Nothing but the lines from the one with "set \<Rightarrow> 'a \<Rightarrow>" down to the one with "with its Borel sigma-algebra" should be returned, exactly and with both ends included, from the material below.

> [DATASET]
##########

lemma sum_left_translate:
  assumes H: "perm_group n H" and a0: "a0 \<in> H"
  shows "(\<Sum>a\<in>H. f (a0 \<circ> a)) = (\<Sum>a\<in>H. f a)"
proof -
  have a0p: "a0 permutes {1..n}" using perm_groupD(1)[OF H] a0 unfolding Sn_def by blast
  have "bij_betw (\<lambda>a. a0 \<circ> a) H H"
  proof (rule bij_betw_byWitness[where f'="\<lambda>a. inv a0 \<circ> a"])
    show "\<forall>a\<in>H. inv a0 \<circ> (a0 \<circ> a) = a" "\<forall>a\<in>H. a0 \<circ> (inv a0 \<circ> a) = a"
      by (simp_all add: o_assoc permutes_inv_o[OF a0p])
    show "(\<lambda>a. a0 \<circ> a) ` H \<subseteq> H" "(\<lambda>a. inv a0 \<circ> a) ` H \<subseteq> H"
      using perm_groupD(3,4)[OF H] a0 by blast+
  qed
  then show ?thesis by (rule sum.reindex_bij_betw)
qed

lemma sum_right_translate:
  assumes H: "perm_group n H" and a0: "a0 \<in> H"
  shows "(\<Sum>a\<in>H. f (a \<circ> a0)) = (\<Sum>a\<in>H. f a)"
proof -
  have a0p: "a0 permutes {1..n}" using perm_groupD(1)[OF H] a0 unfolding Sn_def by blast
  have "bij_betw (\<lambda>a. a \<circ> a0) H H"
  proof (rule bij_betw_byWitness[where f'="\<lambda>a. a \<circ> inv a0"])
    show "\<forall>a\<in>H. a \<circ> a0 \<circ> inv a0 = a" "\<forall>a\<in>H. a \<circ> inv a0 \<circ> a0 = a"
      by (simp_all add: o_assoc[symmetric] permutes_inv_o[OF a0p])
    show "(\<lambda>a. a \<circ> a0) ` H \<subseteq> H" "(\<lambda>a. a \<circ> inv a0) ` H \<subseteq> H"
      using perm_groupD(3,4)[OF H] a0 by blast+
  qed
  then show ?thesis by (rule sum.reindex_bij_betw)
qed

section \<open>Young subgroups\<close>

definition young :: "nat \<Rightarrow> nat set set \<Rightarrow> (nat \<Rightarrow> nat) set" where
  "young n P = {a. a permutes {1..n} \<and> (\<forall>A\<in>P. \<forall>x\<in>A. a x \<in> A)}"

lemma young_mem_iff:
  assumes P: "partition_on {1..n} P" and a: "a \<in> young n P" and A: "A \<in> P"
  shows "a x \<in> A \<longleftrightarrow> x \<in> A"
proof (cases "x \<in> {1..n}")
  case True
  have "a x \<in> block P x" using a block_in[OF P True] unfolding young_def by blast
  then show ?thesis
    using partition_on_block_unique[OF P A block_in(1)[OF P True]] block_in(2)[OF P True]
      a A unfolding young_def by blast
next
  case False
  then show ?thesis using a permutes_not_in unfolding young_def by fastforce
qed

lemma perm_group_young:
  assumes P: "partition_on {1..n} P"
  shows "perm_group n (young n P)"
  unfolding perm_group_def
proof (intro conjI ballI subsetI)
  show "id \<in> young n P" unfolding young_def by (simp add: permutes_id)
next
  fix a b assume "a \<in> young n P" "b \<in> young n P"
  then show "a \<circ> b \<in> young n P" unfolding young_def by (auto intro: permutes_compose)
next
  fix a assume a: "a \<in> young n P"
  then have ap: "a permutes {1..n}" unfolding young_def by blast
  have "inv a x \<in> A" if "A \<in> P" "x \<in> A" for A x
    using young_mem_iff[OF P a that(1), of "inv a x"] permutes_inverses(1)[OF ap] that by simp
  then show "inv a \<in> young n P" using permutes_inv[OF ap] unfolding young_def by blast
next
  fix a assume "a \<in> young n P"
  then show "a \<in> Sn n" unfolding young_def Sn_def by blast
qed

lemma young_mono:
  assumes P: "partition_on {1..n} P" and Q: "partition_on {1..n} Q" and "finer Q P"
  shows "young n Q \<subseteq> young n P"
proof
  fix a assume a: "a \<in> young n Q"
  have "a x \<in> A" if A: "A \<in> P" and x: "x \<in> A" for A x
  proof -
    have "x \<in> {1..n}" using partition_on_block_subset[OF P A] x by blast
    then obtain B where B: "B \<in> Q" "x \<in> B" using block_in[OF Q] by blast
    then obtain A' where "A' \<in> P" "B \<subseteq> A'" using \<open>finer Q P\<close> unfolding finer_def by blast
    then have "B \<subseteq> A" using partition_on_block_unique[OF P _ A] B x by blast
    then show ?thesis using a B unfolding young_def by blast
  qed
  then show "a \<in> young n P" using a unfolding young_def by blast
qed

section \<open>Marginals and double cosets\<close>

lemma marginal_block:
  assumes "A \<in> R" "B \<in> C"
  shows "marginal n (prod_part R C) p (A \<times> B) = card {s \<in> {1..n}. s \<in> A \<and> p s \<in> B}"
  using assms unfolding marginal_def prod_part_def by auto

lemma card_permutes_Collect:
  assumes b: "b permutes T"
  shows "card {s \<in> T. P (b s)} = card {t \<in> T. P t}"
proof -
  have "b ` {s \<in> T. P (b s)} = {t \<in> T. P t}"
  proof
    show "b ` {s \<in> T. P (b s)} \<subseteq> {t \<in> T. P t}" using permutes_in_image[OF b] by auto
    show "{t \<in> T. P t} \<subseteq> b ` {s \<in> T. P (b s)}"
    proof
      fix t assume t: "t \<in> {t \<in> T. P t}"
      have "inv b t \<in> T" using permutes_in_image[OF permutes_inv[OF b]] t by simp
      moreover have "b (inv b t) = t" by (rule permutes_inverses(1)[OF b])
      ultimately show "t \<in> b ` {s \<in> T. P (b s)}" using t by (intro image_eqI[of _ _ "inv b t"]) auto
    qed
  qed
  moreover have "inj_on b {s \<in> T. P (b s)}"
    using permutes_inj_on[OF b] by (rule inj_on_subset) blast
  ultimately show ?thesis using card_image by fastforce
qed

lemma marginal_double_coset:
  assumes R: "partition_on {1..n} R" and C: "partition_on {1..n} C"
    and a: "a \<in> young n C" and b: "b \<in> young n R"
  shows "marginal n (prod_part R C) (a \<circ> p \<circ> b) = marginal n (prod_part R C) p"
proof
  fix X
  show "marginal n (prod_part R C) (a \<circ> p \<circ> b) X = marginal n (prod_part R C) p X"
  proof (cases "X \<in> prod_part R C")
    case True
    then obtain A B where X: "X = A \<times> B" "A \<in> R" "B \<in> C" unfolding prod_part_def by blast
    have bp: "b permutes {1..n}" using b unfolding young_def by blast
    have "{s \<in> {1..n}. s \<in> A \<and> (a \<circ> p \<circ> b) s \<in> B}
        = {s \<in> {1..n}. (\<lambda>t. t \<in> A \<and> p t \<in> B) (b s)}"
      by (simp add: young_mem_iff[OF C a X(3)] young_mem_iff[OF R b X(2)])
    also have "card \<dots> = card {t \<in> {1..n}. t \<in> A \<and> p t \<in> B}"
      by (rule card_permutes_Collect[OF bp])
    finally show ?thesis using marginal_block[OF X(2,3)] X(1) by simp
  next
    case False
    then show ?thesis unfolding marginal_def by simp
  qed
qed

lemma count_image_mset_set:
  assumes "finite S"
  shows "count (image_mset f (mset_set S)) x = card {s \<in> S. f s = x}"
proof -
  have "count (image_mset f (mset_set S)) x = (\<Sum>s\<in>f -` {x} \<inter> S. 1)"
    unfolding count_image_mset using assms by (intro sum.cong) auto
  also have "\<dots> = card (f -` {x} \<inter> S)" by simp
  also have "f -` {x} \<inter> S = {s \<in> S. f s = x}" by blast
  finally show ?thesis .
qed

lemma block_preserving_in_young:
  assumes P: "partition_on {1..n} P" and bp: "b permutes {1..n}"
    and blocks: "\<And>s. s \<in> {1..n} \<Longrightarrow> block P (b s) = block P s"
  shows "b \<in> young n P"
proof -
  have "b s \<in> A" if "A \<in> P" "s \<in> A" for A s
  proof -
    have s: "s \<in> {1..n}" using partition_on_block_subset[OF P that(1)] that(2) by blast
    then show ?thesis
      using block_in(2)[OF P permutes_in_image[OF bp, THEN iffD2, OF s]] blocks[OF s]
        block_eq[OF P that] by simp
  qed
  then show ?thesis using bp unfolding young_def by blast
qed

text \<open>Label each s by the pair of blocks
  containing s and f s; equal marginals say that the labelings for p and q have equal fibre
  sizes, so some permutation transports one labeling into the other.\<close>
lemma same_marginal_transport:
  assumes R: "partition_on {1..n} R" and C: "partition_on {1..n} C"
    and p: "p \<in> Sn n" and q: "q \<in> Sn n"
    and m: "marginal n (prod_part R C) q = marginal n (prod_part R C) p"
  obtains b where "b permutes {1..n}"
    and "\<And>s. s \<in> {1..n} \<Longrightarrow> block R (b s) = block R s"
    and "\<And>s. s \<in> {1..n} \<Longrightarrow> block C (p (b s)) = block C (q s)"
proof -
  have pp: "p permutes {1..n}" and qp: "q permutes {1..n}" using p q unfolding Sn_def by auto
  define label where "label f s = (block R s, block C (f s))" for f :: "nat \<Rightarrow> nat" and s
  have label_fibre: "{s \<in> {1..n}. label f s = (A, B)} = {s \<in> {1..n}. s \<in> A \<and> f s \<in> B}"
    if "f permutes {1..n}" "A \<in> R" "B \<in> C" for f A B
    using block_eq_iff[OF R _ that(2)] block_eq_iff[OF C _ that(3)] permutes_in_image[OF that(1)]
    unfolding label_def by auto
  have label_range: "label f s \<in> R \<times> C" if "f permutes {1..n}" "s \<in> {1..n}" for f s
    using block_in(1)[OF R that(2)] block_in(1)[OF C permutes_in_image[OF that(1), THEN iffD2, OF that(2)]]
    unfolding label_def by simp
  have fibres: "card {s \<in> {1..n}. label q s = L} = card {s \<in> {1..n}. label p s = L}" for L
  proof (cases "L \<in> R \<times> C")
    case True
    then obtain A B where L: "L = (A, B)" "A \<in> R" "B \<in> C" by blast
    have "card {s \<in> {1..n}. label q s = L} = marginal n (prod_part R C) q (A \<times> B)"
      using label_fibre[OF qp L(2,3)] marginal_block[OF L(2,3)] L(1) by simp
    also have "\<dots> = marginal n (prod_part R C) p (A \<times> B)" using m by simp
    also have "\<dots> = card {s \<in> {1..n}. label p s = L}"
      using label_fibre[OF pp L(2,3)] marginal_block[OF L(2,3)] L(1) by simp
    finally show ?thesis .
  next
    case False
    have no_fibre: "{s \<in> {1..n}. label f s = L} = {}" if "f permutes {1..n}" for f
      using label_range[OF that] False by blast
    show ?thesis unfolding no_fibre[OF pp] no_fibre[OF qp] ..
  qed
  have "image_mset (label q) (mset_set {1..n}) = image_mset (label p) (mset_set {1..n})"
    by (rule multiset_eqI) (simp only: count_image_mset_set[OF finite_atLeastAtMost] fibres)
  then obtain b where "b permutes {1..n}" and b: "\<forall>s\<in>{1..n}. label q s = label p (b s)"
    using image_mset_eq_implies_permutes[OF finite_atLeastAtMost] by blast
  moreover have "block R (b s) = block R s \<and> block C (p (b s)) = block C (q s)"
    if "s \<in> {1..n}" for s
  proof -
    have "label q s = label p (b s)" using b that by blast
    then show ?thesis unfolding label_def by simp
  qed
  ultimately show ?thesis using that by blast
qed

##########

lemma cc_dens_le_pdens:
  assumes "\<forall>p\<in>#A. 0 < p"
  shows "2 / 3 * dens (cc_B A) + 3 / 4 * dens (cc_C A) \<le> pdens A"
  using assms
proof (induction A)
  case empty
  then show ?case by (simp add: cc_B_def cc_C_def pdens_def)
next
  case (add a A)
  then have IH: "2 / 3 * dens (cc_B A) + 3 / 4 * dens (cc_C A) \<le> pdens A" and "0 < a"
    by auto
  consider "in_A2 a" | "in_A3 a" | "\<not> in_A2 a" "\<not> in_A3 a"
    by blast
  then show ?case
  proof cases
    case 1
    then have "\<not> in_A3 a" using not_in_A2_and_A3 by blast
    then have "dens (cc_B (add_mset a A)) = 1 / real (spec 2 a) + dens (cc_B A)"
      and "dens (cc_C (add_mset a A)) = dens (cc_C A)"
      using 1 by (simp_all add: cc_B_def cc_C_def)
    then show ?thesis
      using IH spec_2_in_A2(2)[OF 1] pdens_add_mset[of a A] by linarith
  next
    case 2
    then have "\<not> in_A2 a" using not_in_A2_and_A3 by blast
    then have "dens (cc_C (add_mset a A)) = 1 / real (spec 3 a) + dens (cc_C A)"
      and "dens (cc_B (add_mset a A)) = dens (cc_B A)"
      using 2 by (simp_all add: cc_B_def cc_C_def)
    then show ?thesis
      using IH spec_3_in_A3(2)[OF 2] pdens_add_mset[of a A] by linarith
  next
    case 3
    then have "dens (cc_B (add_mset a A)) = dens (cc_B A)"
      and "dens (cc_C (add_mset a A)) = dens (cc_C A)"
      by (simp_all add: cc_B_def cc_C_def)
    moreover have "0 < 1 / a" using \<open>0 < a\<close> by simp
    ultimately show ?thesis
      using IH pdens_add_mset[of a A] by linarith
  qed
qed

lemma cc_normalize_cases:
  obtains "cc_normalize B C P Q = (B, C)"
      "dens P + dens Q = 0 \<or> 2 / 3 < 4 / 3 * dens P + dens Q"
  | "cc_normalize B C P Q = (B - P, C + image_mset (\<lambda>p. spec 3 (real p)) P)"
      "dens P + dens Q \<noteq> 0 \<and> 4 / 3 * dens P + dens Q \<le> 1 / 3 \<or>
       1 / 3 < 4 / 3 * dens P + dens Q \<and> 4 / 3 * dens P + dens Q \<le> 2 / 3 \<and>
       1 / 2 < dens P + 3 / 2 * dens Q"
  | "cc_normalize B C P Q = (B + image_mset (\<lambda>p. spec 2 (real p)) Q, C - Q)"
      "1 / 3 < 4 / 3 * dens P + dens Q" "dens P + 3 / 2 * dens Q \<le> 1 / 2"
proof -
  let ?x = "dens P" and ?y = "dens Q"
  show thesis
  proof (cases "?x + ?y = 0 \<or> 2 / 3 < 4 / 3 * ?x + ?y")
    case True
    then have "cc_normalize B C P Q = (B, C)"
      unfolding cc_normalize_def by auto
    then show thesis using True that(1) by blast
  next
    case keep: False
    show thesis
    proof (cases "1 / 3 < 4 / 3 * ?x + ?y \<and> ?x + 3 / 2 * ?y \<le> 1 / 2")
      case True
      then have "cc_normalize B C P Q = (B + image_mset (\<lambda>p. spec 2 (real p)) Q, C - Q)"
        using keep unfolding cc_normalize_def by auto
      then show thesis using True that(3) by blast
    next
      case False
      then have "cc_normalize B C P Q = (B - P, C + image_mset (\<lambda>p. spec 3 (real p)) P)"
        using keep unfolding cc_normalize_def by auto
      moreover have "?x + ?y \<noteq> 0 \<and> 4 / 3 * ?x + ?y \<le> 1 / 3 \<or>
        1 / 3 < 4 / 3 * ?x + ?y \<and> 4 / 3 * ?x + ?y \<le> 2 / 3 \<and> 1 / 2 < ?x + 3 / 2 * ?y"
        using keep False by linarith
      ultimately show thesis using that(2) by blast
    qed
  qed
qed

##########

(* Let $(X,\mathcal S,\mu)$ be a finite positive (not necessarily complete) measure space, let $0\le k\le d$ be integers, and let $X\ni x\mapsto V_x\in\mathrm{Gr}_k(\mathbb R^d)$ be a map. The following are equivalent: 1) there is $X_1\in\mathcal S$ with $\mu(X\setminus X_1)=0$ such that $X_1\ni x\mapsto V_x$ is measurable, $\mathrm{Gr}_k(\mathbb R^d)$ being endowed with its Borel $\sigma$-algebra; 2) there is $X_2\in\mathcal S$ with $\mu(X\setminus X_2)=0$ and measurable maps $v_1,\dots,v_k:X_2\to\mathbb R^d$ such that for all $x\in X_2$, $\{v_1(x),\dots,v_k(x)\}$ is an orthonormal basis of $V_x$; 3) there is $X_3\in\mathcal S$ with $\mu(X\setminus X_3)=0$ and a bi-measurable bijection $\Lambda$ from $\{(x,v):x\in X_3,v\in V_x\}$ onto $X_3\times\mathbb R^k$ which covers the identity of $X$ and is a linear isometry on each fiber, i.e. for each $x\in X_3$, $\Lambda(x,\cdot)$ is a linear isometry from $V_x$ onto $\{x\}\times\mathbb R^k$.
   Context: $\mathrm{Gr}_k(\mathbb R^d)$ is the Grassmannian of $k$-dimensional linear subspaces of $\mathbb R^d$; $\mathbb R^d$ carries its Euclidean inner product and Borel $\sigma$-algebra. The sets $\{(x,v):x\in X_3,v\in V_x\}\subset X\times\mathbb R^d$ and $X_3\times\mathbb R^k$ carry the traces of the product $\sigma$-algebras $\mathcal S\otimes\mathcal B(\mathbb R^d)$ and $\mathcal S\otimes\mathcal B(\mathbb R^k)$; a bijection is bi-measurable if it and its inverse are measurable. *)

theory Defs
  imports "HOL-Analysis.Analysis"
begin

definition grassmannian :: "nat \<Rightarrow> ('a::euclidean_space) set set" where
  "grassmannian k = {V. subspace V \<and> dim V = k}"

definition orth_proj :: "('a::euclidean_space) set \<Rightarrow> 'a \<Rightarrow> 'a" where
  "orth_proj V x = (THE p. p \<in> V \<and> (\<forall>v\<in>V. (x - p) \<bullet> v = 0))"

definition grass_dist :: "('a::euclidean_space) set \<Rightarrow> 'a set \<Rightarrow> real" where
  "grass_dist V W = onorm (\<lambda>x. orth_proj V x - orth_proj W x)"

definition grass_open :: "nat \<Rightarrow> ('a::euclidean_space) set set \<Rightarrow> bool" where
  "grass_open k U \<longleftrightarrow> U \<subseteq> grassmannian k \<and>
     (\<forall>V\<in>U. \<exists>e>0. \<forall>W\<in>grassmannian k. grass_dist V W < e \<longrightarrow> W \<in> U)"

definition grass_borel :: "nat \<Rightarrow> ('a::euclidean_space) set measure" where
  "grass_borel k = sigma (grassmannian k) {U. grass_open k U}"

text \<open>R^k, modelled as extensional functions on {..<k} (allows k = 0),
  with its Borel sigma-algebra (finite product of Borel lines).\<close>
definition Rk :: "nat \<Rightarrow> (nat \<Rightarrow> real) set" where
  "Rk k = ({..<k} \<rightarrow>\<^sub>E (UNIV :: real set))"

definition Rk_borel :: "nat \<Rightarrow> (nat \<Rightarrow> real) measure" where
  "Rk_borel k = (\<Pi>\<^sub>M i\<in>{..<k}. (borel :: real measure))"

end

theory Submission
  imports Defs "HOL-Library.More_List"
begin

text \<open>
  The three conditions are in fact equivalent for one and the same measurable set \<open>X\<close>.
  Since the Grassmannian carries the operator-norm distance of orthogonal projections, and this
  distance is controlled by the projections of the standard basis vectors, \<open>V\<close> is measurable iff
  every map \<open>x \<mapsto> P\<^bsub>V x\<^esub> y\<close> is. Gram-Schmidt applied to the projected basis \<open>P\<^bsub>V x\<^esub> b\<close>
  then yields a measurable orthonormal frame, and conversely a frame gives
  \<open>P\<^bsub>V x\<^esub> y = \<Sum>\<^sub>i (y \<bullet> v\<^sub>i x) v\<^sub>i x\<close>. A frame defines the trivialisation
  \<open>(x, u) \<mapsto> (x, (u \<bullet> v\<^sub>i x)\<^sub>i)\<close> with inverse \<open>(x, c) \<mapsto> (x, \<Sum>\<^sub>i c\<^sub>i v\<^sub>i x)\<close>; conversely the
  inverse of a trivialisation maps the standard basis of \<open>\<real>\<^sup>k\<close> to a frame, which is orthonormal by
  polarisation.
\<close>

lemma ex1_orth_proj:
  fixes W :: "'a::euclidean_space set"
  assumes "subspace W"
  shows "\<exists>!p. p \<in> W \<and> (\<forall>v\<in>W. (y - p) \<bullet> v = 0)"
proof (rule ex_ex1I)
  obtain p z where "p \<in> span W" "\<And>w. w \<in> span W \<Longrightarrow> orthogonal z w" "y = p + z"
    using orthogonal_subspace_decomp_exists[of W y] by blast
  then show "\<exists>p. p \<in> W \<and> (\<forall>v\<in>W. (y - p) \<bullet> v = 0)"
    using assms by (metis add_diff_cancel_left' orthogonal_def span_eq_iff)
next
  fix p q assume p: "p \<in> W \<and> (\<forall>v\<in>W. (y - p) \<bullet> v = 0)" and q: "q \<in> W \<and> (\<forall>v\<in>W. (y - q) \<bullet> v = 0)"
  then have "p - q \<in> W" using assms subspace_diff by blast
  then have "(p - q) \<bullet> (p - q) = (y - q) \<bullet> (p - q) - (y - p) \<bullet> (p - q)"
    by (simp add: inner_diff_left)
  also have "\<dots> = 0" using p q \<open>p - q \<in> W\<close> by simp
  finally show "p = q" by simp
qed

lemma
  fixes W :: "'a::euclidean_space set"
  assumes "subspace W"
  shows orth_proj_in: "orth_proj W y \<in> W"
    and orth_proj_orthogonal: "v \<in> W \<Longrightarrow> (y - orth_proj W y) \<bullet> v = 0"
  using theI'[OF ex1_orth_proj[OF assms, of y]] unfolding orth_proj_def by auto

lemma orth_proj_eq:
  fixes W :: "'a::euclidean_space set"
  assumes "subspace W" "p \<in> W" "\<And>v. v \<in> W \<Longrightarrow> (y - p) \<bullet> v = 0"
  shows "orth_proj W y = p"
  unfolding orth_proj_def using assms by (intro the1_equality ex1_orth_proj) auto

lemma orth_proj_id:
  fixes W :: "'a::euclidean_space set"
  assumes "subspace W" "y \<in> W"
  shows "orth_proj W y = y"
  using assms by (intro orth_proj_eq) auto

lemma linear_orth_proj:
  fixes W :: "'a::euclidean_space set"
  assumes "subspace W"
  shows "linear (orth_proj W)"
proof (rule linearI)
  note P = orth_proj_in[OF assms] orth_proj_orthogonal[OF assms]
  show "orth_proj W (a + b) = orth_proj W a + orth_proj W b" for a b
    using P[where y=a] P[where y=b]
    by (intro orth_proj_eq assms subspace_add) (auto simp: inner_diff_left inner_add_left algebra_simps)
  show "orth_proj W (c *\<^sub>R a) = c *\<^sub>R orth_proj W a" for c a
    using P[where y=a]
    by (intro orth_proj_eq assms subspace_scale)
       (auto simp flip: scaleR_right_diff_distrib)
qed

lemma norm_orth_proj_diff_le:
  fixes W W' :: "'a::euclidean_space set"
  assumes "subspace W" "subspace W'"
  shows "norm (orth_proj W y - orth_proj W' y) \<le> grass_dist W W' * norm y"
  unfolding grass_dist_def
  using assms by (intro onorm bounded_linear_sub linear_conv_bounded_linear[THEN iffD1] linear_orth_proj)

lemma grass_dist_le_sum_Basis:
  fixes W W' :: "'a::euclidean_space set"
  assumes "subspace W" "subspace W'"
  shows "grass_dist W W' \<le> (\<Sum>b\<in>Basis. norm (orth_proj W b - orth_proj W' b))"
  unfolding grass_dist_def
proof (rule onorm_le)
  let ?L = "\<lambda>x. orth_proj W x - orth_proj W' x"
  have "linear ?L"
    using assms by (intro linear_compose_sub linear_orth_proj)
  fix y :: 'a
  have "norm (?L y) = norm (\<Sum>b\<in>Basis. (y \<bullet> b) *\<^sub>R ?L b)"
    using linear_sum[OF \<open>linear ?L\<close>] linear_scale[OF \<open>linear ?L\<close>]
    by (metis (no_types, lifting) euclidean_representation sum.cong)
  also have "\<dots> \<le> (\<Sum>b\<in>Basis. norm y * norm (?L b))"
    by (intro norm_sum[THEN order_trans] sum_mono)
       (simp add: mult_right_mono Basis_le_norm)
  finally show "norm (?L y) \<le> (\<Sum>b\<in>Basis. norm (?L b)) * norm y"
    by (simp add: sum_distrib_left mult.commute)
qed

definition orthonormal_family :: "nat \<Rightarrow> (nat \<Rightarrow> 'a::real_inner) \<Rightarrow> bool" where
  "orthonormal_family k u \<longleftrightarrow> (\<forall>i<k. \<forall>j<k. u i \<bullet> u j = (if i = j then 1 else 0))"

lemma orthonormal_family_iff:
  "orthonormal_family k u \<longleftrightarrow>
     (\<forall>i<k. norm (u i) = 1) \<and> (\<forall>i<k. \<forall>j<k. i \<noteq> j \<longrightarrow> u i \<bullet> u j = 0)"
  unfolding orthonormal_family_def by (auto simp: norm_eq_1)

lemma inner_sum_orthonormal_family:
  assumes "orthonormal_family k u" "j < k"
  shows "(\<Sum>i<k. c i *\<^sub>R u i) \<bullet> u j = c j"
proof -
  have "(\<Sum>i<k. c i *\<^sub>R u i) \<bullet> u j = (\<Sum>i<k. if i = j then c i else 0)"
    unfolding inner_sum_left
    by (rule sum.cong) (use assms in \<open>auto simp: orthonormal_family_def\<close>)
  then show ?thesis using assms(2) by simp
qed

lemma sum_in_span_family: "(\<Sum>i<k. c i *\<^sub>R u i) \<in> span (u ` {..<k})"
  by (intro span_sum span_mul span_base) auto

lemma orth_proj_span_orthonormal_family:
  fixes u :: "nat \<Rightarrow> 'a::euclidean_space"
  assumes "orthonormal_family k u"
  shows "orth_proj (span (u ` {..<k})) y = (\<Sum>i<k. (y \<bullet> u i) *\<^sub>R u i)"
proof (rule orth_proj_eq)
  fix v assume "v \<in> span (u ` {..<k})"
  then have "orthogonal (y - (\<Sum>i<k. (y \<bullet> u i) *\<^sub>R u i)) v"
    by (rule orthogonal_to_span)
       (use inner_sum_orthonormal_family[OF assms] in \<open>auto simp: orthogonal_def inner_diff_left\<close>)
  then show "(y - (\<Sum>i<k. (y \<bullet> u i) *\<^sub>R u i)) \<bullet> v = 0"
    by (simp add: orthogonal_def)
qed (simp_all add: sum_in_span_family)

##########

> [YOUR RESPONSE]
definition orth_proj :: "('a::euclidean_space) set \<Rightarrow> 'a \<Rightarrow> 'a" where
  "orth_proj V x = (THE p. p \<in> V \<and> (\<forall>v\<in>V. (x - p) \<bullet> v = 0))"

definition grass_dist :: "('a::euclidean_space) set \<Rightarrow> 'a set \<Rightarrow> real" where
  "grass_dist V W = onorm (\<lambda>x. orth_proj V x - orth_proj W x)"

definition grass_open :: "nat \<Rightarrow> ('a::euclidean_space) set set \<Rightarrow> bool" where
  "grass_open k U \<longleftrightarrow> U \<subseteq> grassmannian k \<and>
     (\<forall>V\<in>U. \<exists>e>0. \<forall>W\<in>grassmannian k. grass_dist V W < e \<longrightarrow> W \<in> U)"

definition grass_borel :: "nat \<Rightarrow> ('a::euclidean_space) set measure" where
  "grass_borel k = sigma (grassmannian k) {U. grass_open k U}"

text \<open>R^k, modelled as extensional functions on {..<k} (allows k = 0),
  with its Borel sigma-algebra (finite product of Borel lines).\<close>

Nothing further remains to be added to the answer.